For the (unofficial) race results, click here.

It was a crash filled night with the race slowed for 30 laps by 8 cautions. The first “Big One” happened on lap 77  and involved 13 drivers: Clint Bowyer, Dale Earnhardt Jr, David Gilliland, Jeff Gordon, Kevin Harvick, Kasey Kahne, Brad Keselowski, Jamie McMurray, Ryan Newman, Reed Sorenson,David Stremme, David Reutimann and Brian Vickers.
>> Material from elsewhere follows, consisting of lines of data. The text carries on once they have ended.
(* Let $n\ge 2$ and let $k_1,\dots,k_n$, $a_1,\dots,a_{n-1}$, $b_1,\dots,b_n$ be real or complex numbers. Let $A_2$ be the $n\times n$ matrix with entries $$(A_2)_{ij}=\begin{cases} k_j b_j, & i\le j,\\ k_i a_j, & i>j.\end{cases}$$ Then $$\det(A_2)=k_nb_n\,(k_1b_1-k_2a_1)(k_2b_2-k_3a_2)\cdots(k_{n-1}b_{n-1}-k_na_{n-1}).$$ In particular, $A_2$ is singular if $k_n=0$, or $b_n=0$, or $k_ib_i-k_{i+1}a_i=0$ for some $i\in\{1,\dots,n-1\}$. *)

theory Defs
  imports "Jordan_Normal_Form.Determinant"
begin

definition A2 :: "nat \<Rightarrow> (nat \<Rightarrow> 'a::field) \<Rightarrow> (nat \<Rightarrow> 'a) \<Rightarrow> (nat \<Rightarrow> 'a) \<Rightarrow> 'a mat" where
  "A2 n k a b = mat n n (\<lambda>(i, j). if i \<le> j then k j * b j else k i * a j)"

end

theory Submission
  imports Defs
begin

text \<open>Subtracting from every row of \<open>A\<^sub>2\<close> the row below it (the last row is kept)
  amounts to multiplying by a unitriangular matrix, so the determinant is unchanged. Above the
  diagonal, rows \<open>i\<close> and \<open>i + 1\<close> agree (both have \<open>k j * b j\<close> in column \<open>j > i\<close>),
  so the new matrix is lower triangular, with diagonal entries \<open>k i * b i - k (i + 1) * a i\<close>
  and finally \<open>k (n - 1) * b (n - 1)\<close>.\<close>

definition row_difference_mat :: "nat \<Rightarrow> 'a::ring_1 mat" where
  "row_difference_mat n = mat n n (\<lambda>(i, j). if j = i then 1 else if j = Suc i then -1 else 0)"

lemma row_difference_mat_carrier [simp]: "row_difference_mat n \<in> carrier_mat n n"
  by (simp add: row_difference_mat_def)

lemma det_row_difference_mat: "det (row_difference_mat n :: 'a::comm_ring_1 mat) = 1"
proof -
  have "det (row_difference_mat n :: 'a mat) = prod_list (diag_mat (row_difference_mat n))"
    by (rule det_upper_triangular)
      (auto simp: upper_triangular_def row_difference_mat_def)
  also have "\<dots> = 1"
    by (simp add: prod_list_diag_prod row_difference_mat_def)
  finally show ?thesis .
qed

lemma row_difference_mat_mult_index:
  fixes A :: "'a::ring_1 mat"
  assumes "A \<in> carrier_mat n m" and "i < n" and "j < m"
  shows "(row_difference_mat n * A) $$ (i, j)
           = A $$ (i, j) - (if Suc i < n then A $$ (Suc i, j) else 0)"
proof -
  have "(row_difference_mat n * A) $$ (i, j)
          = (\<Sum>l<n. (if l = i then A $$ (l, j) else 0) - (if l = Suc i then A $$ (l, j) else 0))"
    using assms by (auto simp: row_difference_mat_def scalar_prod_def atLeast0LessThan
                         intro!: sum.cong)
  also have "\<dots> = A $$ (i, j) - (if Suc i < n then A $$ (Suc i, j) else 0)"
    using assms(2) by (simp add: sum_subtractf)
  finally show ?thesis .
qed

lemma det_row_difference_mat_mult:
  fixes A :: "'a::comm_ring_1 mat"
  assumes "A \<in> carrier_mat n n"
  shows "det (row_difference_mat n * A) = det A"
  using assms by (simp add: det_mult[of _ n] det_row_difference_mat)

lemma A2_carrier [simp]: "A2 n k a b \<in> carrier_mat n n"
  by (simp add: A2_def)

lemma A2_index:
  "i < n \<Longrightarrow> j < n \<Longrightarrow> A2 n k a b $$ (i, j) = (if i \<le> j then k j * b j else k i * a j)"
  by (simp add: A2_def)

lemma row_difference_A2_index:
  assumes "i < n" and "j < n"
  shows "(row_difference_mat n * A2 n k a b) $$ (i, j)
           = (if i < j then 0
              else (if i = j then k i * b i else k i * a j)
                     - (if Suc i < n then k (Suc i) * a j else 0))"
  using assms by (auto simp: row_difference_mat_mult_index[OF A2_carrier] A2_index)

lemma det_A2_prod:
  "det (A2 n k a b) = (\<Prod>i<n. k i * b i - (if Suc i < n then k (Suc i) * a i else 0))"
proof -
  let ?B = "row_difference_mat n * A2 n k a b"
  have B: "?B \<in> carrier_mat n n"
    by (rule mult_carrier_mat[OF row_difference_mat_carrier A2_carrier])
  have "det (A2 n k a b) = det ?B"
    by (simp add: det_row_difference_mat_mult[OF A2_carrier])
  also have "\<dots> = prod_list (diag_mat ?B)"
    by (rule det_lower_triangular[OF _ B]) (simp add: row_difference_A2_index)
  also have "\<dots> = (\<Prod>i<n. ?B $$ (i, i))"
    by (simp add: prod_list_diag_prod atLeast0LessThan row_difference_mat_def)
  also have "\<dots> = (\<Prod>i<n. k i * b i - (if Suc i < n then k (Suc i) * a i else 0))"
    by (rule prod.cong) (simp_all add: row_difference_A2_index)
  finally show ?thesis .
qed

theorem mainTheorem4:
  fixes k a b :: "nat \<Rightarrow> 'a::field" and n :: nat
  assumes "n \<ge> 2"
  shows "det (A2 n k a b) = k (n - 1) * b (n - 1) * (\<Prod>i<n - 1. k i * b i - k (Suc i) * a i)"
proof -
  obtain m where n: "n = Suc m"
    using assms by (cases n) auto
  have "(\<Prod>i<m. k i * b i - (if Suc i < n then k (Suc i) * a i else 0))
          = (\<Prod>i<m. k i * b i - k (Suc i) * a i)"
    using n by (intro prod.cong) auto
  then show ?thesis
    using n by (simp add: det_A2_prod mult.commute)
qed

end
There were 23 lead changes 10 drivers:

T. Stewart 0; J. Gordon 1; T. Stewart 2; Kurt Busch 3; D. Hamlin 4-14; T. Stewart 15-31; D. Hamlin 32-45; T. Stewart 46; D. Hamlin 47;  T. Stewart 48-58; R. Newman 59; M. Kenseth 60-62; D. Hamlin 63-71; T. Stewart 72; D. Hamlin 73-79; J. Andretti 80; T. Stewart 81-82; D. Hamlin 83-103; R. Gordon 104; T. Stewart 105-126; J. Burton 127-128; T. Stewart 129-158; Kyle Busch 159; T. Stewart 160

Tony Stewart has extended his lead in the standings to 180 points over Jeff Gordon.